==== Data in this exercise

(* Let $G=(V,E,L)$ be a hypergraph with loops, $L=L^-\cup L^+$, and let $G'=(V,E,L^+)$ be obtained by removing all minus loops. Then $$\mathrm{PP}(G)=\Big\{z\in\mathbb{R}^{V\cup E\cup L}: (z_p)_{p\in V\cup E\cup L^+}\in\mathrm{PP}(G'),\ z_{ii}\le z_i,\ z_i\in[0,1]\ \forall\{i,i\}\in L^-\Big\}.$$
   Context: A hypergraph with loops is $G=(V,E,L)$: $V$ a finite node set, $E$ a set of subsets of $V$ of cardinality at least two, $L$ a set of loops $\{i,i\}$, $i\in V$, partitioned as $L=L^-\cup L^+$ (minus/plus loops). $\mathrm{PP}(G):=\mathrm{conv}\{z\in\mathbb{R}^{V\cup E\cup L}: z_{ii}\ge z_i^2\ \forall\{i,i\}\in L^+,\ z_{ii}\le z_i^2\ \forall \{i,i\}\in L^-,\ z_e=\prod_{i\in e}z_i\ \forall e\in E,\ z_i\in[0,1]\ \forall i\in V\}$. *)

theory Defs
  imports "HOL-Analysis.Analysis" "HOL-Library.Function_Algebras"
begin

text \<open>Real-valued functions on an arbitrary index type form a real vector space
  (pointwise operations), so that the library's convex hull applies to them.\<close>

instantiation "fun" :: (type, real_vector) real_vector
begin
definition scaleR_fun :: "real \<Rightarrow> ('a \<Rightarrow> 'b) \<Rightarrow> 'a \<Rightarrow> 'b" where
  "scaleR_fun r f = (\<lambda>x. r *\<^sub>R f x)"
instance
  by standard (auto simp: scaleR_fun_def fun_eq_iff scaleR_add_right scaleR_add_left)
end

text \<open>Coordinates of R^(V \<union> E \<union> L): a node i, an edge e, or a loop {i,i}
  (identified with its node i).\<close>
datatype 'v coord = Nd 'v | Ed "'v set" | Lp 'v

definition coords :: "'v set \<Rightarrow> 'v set set \<Rightarrow> 'v set \<Rightarrow> 'v coord set" where
  "coords V E L = Nd ` V \<union> Ed ` E \<union> Lp ` L"

definition hypergraph_loops :: "'v set \<Rightarrow> 'v set set \<Rightarrow> 'v set \<Rightarrow> 'v set \<Rightarrow> bool" where
  "hypergraph_loops V E Lminus Lplus \<longleftrightarrow>
     finite V \<and> (\<forall>e\<in>E. e \<subseteq> V \<and> card e \<ge> 2) \<and>
     Lminus \<subseteq> V \<and> Lplus \<subseteq> V \<and> Lminus \<inter> Lplus = {}"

========

Instructions for the task:
Repeat precisely the lines of the data starting at the one containing "set \<Rightarrow> 'v coord", last line included.

Solution to this task:
definition coords :: "'v set \<Rightarrow> 'v set set \<Rightarrow> 'v set \<Rightarrow> 'v coord set" where
  "coords V E L = Nd ` V \<union> Ed ` E \<union> Lp ` L"

definition hypergraph_loops :: "'v set \<Rightarrow> 'v set set \<Rightarrow> 'v set \<Rightarrow> 'v set \<Rightarrow> bool" where
  "hypergraph_loops V E Lminus Lplus \<longleftrightarrow>
     finite V \<and> (\<forall>e\<in>E. e \<subseteq> V \<and> card e \<ge> 2) \<and>
     Lminus \<subseteq> V \<and> Lplus \<subseteq> V \<and> Lminus \<inter> Lplus = {}"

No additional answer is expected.